Agent tool-use design: function calling, plugin architecture, and custom tool creation

Agent tool-use design is the architectural discipline of defining, integrating, and managing external capabilities (tools) that an AI agent can invoke through structured interfaces, enabling it to perform actions beyond its native reasoning.

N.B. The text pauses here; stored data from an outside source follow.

lemma gr_form_annihilated_neq_0:
  assumes f: "f \<in> reps" and ann: "\<And>b. annihilated_by_positive (f b)"
    and nz: "cls f \<noteq> gr_zero lt F"
  shows "gr_form (cls f) \<noteq> 0"
proof
  assume zero: "gr_form (cls f) = 0"
  define fc where "fc c = (\<lambda>a. smul c (f a))" for c
  have fc_reps: "fc c \<in> reps" for c unfolding fc_def using gr_reps_scale[OF f] .
  have fc_ann: "annihilated_by_positive (fc c b)" for c b
    unfolding fc_def using ann annihilated_by_positive_scale by blast
  define I where "I = range (\<lambda>c. cls (fc c))"
  have "left_ideal (gr_carrier lt F) (gr_add lt F) (gr_smul smul lt F) (gr_mul lt F) (gr_zero lt F) I"
    unfolding left_ideal_def
  proof (intro conjI ballI allI)
    show "I \<subseteq> gr_carrier lt F" unfolding I_def using gr_cls_in_carrier fc_reps by auto
    have "fc 0 = (\<lambda>_. 0)" unfolding fc_def by simp
    then show "gr_zero lt F \<in> I" unfolding I_def gr_zero_def by (metis rangeI)
  next
    fix X Y assume "X \<in> I" "Y \<in> I"
    then obtain c d where "X = cls (fc c)" "Y = cls (fc d)" unfolding I_def by auto
    moreover have "(\<lambda>a. fc c a + fc d a) = fc (c + d)"
      unfolding fc_def by (simp add: V.scale_left_distrib)
    ultimately show "gr_add lt F X Y \<in> I" unfolding I_def using gr_add_cls[OF fc_reps fc_reps] by simp
  next
    fix e X assume "X \<in> I"
    then obtain c where "X = cls (fc c)" unfolding I_def by auto
    moreover have "(\<lambda>a. smul e (fc c a)) = fc (e * c)" unfolding fc_def by simp
    ultimately show "gr_smul smul lt F e X \<in> I" unfolding I_def using gr_smul_cls[OF fc_reps] by simp
  next
    fix X Y assume X: "X \<in> gr_carrier lt F" and "Y \<in> I"
    then obtain c where Y: "Y = cls (fc c)" unfolding I_def by auto
    obtain e where "gr_mul lt F X Y = cls (\<lambda>a. smul e (fc c a))"
      using gr_mul_cls_annihilated[where f = "fc c", OF X fc_reps fc_ann] unfolding Y .
    moreover have "(\<lambda>a. smul e (fc c a)) = fc (e * c)" unfolding fc_def by simp
    ultimately show "gr_mul lt F X Y \<in> I" unfolding I_def by simp
  qed
  moreover have "\<forall>X\<in>I. gr_form X = 0"
    unfolding I_def fc_def using gr_form_cls_scale[OF f] zero by auto
  ultimately have "I \<subseteq> {gr_zero lt F}" by (rule gr_form_kernel)
  moreover have "fc 1 = f" unfolding fc_def by simp
  then have "cls f \<in> I" unfolding I_def by (metis rangeI)
  ultimately show False using nz by auto
qed

lemma gr_form_single_neq_0:
  assumes "annihilated_by_positive y" "is_filtration_degree \<mu> y"
  shows "gr_form (cls (gr_single \<mu> y)) \<noteq> 0"
proof (rule gr_form_annihilated_neq_0)
  show "gr_single \<mu> y \<in> reps"
    using assms(2) gr_single_reps unfolding is_filtration_degree_def by blast
  show "annihilated_by_positive (gr_single \<mu> y b)" for b
    using annihilated_by_positive_gr_single[OF assms(1)] .
  show "cls (gr_single \<mu> y) \<noteq> gr_zero lt F"
    using gr_single_neq_zero[OF assms(2)] .
qed

lemma filtration_degree_unique:
  assumes ann: "annihilated_by_positive y" "annihilated_by_positive z"
    and deg: "is_filtration_degree l y" "is_filtration_degree m z"
  shows "l = m"
proof (rule ccontr)
  assume "l \<noteq> m"
  define Y where "Y = gr_single l y"
  define Z where "Z = gr_single m z"
  have Y: "Y \<in> reps" and Z: "Z \<in> reps"
    unfolding Y_def Z_def using gr_single_reps deg unfolding is_filtration_degree_def by blast+
  have \<psi>Z: "gr_form (cls Z) \<noteq> 0" unfolding Z_def using gr_form_single_neq_0[OF ann(2) deg(2)] .
  text \<open>A combination of the two symbols that is killed by the form.\<close>
  define W where "W = (\<lambda>a. smul (gr_form (cls Z)) (Y a) + smul (- gr_form (cls Y)) (Z a))"
  have W: "W \<in> reps" unfolding W_def by (intro gr_reps_add gr_reps_scale Y Z)
  have "gr_form (cls W) = gr_form (cls (\<lambda>a. smul (gr_form (cls Z)) (Y a)))
      + gr_form (cls (\<lambda>a. smul (- gr_form (cls Y)) (Z a)))"
    unfolding W_def by (rule gr_form_cls_add[OF gr_reps_scale[OF Y] gr_reps_scale[OF Z]])
  also have "\<dots> = 0" by (simp only: gr_form_cls_scale[OF Y] gr_form_cls_scale[OF Z]) simp
  finally have "gr_form (cls W) = 0" .
  moreover have "annihilated_by_positive (W a)" for a
    unfolding W_def Y_def Z_def
    by (intro annihilated_by_positive_add annihilated_by_positive_scale
        annihilated_by_positive_gr_single ann)
  moreover have "W l \<notin> F' l"
  proof
    assume "W l \<in> F' l"
    then have "smul (inverse (gr_form (cls Z))) (W l) \<in> F' l"
      using V.subspace_scale[OF subspace_F'] by blast
    moreover have "Y l = y" "Z l = 0"
      unfolding Y_def Z_def gr_single_def using \<open>l \<noteq> m\<close> by simp_all
    then have "smul (inverse (gr_form (cls Z))) (W l) = y"
      unfolding W_def using \<psi>Z by simp
    ultimately show False using deg(1) unfolding is_filtration_degree_def by simp
  qed
  ultimately show False using gr_form_annihilated_neq_0[OF W] gr_cls_neq_zero[OF W] by blast
qed

lemma ex_socle_filtration_degree:
  "\<exists>\<omega>. g \<omega> = top_degree \<and>
     (\<forall>y \<mu>. annihilated_by_positive y \<longrightarrow> is_filtration_degree \<mu> y \<longrightarrow> \<mu> = \<omega>)"
proof -
  obtain z where z: "z \<in> A top_degree" "z \<noteq> 0"
    using A_top_degree_neq V.subspace_0[OF subspace_A] by blast
  then obtain \<omega> where \<omega>: "g \<omega> = top_degree" "is_filtration_degree \<omega> z"
    by (rule ex_filtration_degree)
  have "\<mu> = \<omega>" if "annihilated_by_positive y" "is_filtration_degree \<mu> y" for y \<mu>
    using filtration_degree_unique[OF that(1) annihilated_by_positive_top_degree[OF z(1)]
        that(2) \<omega>(2)] .
  with \<omega>(1) show ?thesis by blast
qed

lemma annihilated_in_top_degree:
  assumes "y \<in> A d" "y \<noteq> 0" "annihilated_by_positive y"
  shows "d = top_degree"
proof -
  obtain \<mu> where \<mu>: "g \<mu> = d" "is_filtration_degree \<mu> y"
    using ex_filtration_degree[OF assms(1,2)] .
  obtain \<omega> where "g \<omega> = top_degree" "\<forall>y \<mu>. annihilated_by_positive y \<longrightarrow>
      is_filtration_degree \<mu> y \<longrightarrow> \<mu> = \<omega>"
    using ex_socle_filtration_degree by blast
  with \<mu> assms(3) show ?thesis by blast
qed

lemma ex_top_degree_filtration_degree:
  "\<exists>\<omega>. \<forall>y\<in>A top_degree. y \<noteq> 0 \<longrightarrow> is_filtration_degree \<omega> y"
proof -
  obtain \<omega> where \<omega>: "\<And>y \<mu>. annihilated_by_positive y \<Longrightarrow> is_filtration_degree \<mu> y \<Longrightarrow> \<mu> = \<omega>"
    using ex_socle_filtration_degree by blast
  have "is_filtration_degree \<omega> y" if y: "y \<in> A top_degree" "y \<noteq> 0" for y
  proof -
    obtain \<mu> where "g \<mu> = top_degree" and \<mu>: "is_filtration_degree \<mu> y"
      using ex_filtration_degree[OF y] .
    then have "\<mu> = \<omega>" using \<omega>[OF annihilated_by_positive_top_degree[OF y(1)]] by blast
    with \<mu> show ?thesis by simp
  qed
  then show ?thesis by blast
qed

end

theorem proposition3:
  fixes smul :: "complex \<Rightarrow> 'a::ring_1 \<Rightarrow> 'a"
    and A :: "nat \<Rightarrow> 'a set" and n :: nat
    and g :: "'g::monoid_mult \<Rightarrow> nat" and lt :: "'g \<Rightarrow> 'g \<Rightarrow> bool"
    and F :: "'g \<Rightarrow> 'a set"
  assumes "graded_algebra smul A n"
    and "fin_dim smul"
    and "graded_ordered_semigroup g lt"
    and "gamma_filtration smul A g lt F"
    and "gr_frobenius smul lt F"
  shows "frobenius UNIV (+) smul (*) 0"
proof -
  interpret gr_frobenius_filtration smul A n g lt F
    using assms(1,3,4,5) by unfold_locales
  obtain \<omega> where \<omega>: "\<And>y. y \<in> A top_degree \<Longrightarrow> y \<noteq> 0 \<Longrightarrow> is_filtration_degree \<omega> y"
    using ex_top_degree_filtration_degree by blast
  have top_in_F: "component x top_degree \<in> F \<omega>" for x
  proof (cases "component x top_degree = 0")
    case True
    then show ?thesis using V.subspace_0[OF subspace_F] by simp
  next
    case False
    then show ?thesis using \<omega>[OF component_in_A] unfolding is_filtration_degree_def by blast
  qed
  define \<phi> where "\<phi> x = gr_form (cls (gr_single \<omega> (component x top_degree)))" for x
  show ?thesis
  proof (rule frobeniusI)
    show "\<phi> (x + y) = \<phi> x + \<phi> y" for x y
      unfolding \<phi>_def component_add gr_single_add
      by (rule gr_form_cls_add[OF gr_single_reps[OF top_in_F] gr_single_reps[OF top_in_F]])
    show "\<phi> (smul c x) = c * \<phi> x" for c x
      unfolding \<phi>_def component_scale gr_single_scale
      by (rule gr_form_cls_scale[OF gr_single_reps[OF top_in_F]])
    show "\<exists>a. \<phi> (a * x) \<noteq> 0" if "x \<noteq> 0" for x
    proof -
      obtain a where a: "a * x \<in> A top_degree" "a * x \<noteq> 0"
        using left_multiple_in_top_degree[OF annihilated_in_top_degree \<open>x \<noteq> 0\<close>] .
      have "\<phi> (a * x) \<noteq> 0"
        unfolding \<phi>_def component_homogeneous[OF a(1) top_degree_le]
        using gr_form_single_neq_0[OF annihilated_by_positive_top_degree[OF a(1)] \<omega>[OF a]] .
      then show ?thesis ..
    qed
  qed
qed

end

This skill directly translates an agent's theoretical intelligence into tangible, automated business outcomes by allowing it to interact with proprietary systems, APIs, and data sources. It reduces manual workflow overhead and creates scalable, intelligent process automation, increasing operational efficiency and enabling new product capabilities.
1 Careers
1 Categories
9.1 Avg Demand
25% Avg AI Risk

How to Learn Agent tool-use design: function calling, plugin architecture, and custom tool creation

Focus on 1) Understanding the core concept of function calling (e.g., OpenAI's `functions` parameter) and how it maps natural language to structured JSON commands. 2) Learning the basic anatomy of a tool definition: name, description, and a strict JSON Schema for parameters. 3) Practicing with a single, stateless tool like a calculator or a public API wrapper (e.g., weather API).
Move to designing stateful, multi-step tool workflows. Practice chaining tools (e.g., 'search knowledge base' then 'summarize result') and handling tool error responses gracefully. A common mistake is designing tools with overly broad scope; instead, adhere to the Single Responsibility Principle for each function. Implement robust logging for tool calls to debug agent reasoning paths.
Master designing extensible plugin architectures for multi-agent systems. Focus on developing secure tool discovery and permission frameworks (e.g., OAuth scopes for tool access), creating standardized tool manifests (like OpenAPI for agents), and optimizing tool selection logic to minimize cost/latency. At this level, you design the platform that enables others to build tools, not just the tools themselves.

Practice Projects

Beginner
Project

Build a Research Assistant with a Web Search Tool

Scenario

Create an agent that can answer questions requiring current information by using a web search API (e.g., Bing or Google Search API) as its only tool.

How to Execute
1. Set up a simple LLM agent using a framework like LangChain or directly via API. 2. Define a single tool: `web_search(query: string)`. 3. Implement the tool function to call the search API and return a formatted snippet. 4. Test with questions that require real-time data (e.g., 'What is the current stock price of NVDA?').
Intermediate
Project

Design a Multi-Tool Customer Support Agent

Scenario

Develop an agent for a SaaS company that can use a knowledge base (RAG), a ticketing system (create_ticket), and a user database (get_user_info) to resolve support queries.

How to Execute
1. Define three separate tools with precise JSON Schemas. 2. Implement a system prompt that instructs the agent on the logical order (e.g., verify user first, check knowledge base before creating a ticket). 3. Handle scenarios where a tool fails (e.g., user not found) and design a fallback conversation flow. 4. Implement a simple approval mechanism for the 'create_ticket' tool, requiring user confirmation before execution.
Advanced
Project

Architect a Secure Plugin System for an Enterprise Agent Platform

Scenario

Design the backend architecture that allows internal teams at a large corporation to register, manage, and publish custom tools (plugins) for a central AI agent, with full audit trails and access control.

How to Execute
1. Design a tool manifest schema (name, description, API endpoint, auth method, parameter schema). 2. Build a central registry service with CRUD endpoints for tool manifests. 3. Implement an authorization layer that validates the agent's and user's permissions before tool invocation. 4. Develop a runtime engine that securely routes tool calls from the agent to the respective service endpoint, handling authentication token exchange. 5. Create a monitoring dashboard for tool usage and performance.

Tools & Frameworks

Software & Platforms

OpenAI Assistants API (function calling)LangChain / LlamaIndex (tool orchestration)CrewAI (multi-agent tool delegation)Zapier, Make.com (visual workflow as tool integration)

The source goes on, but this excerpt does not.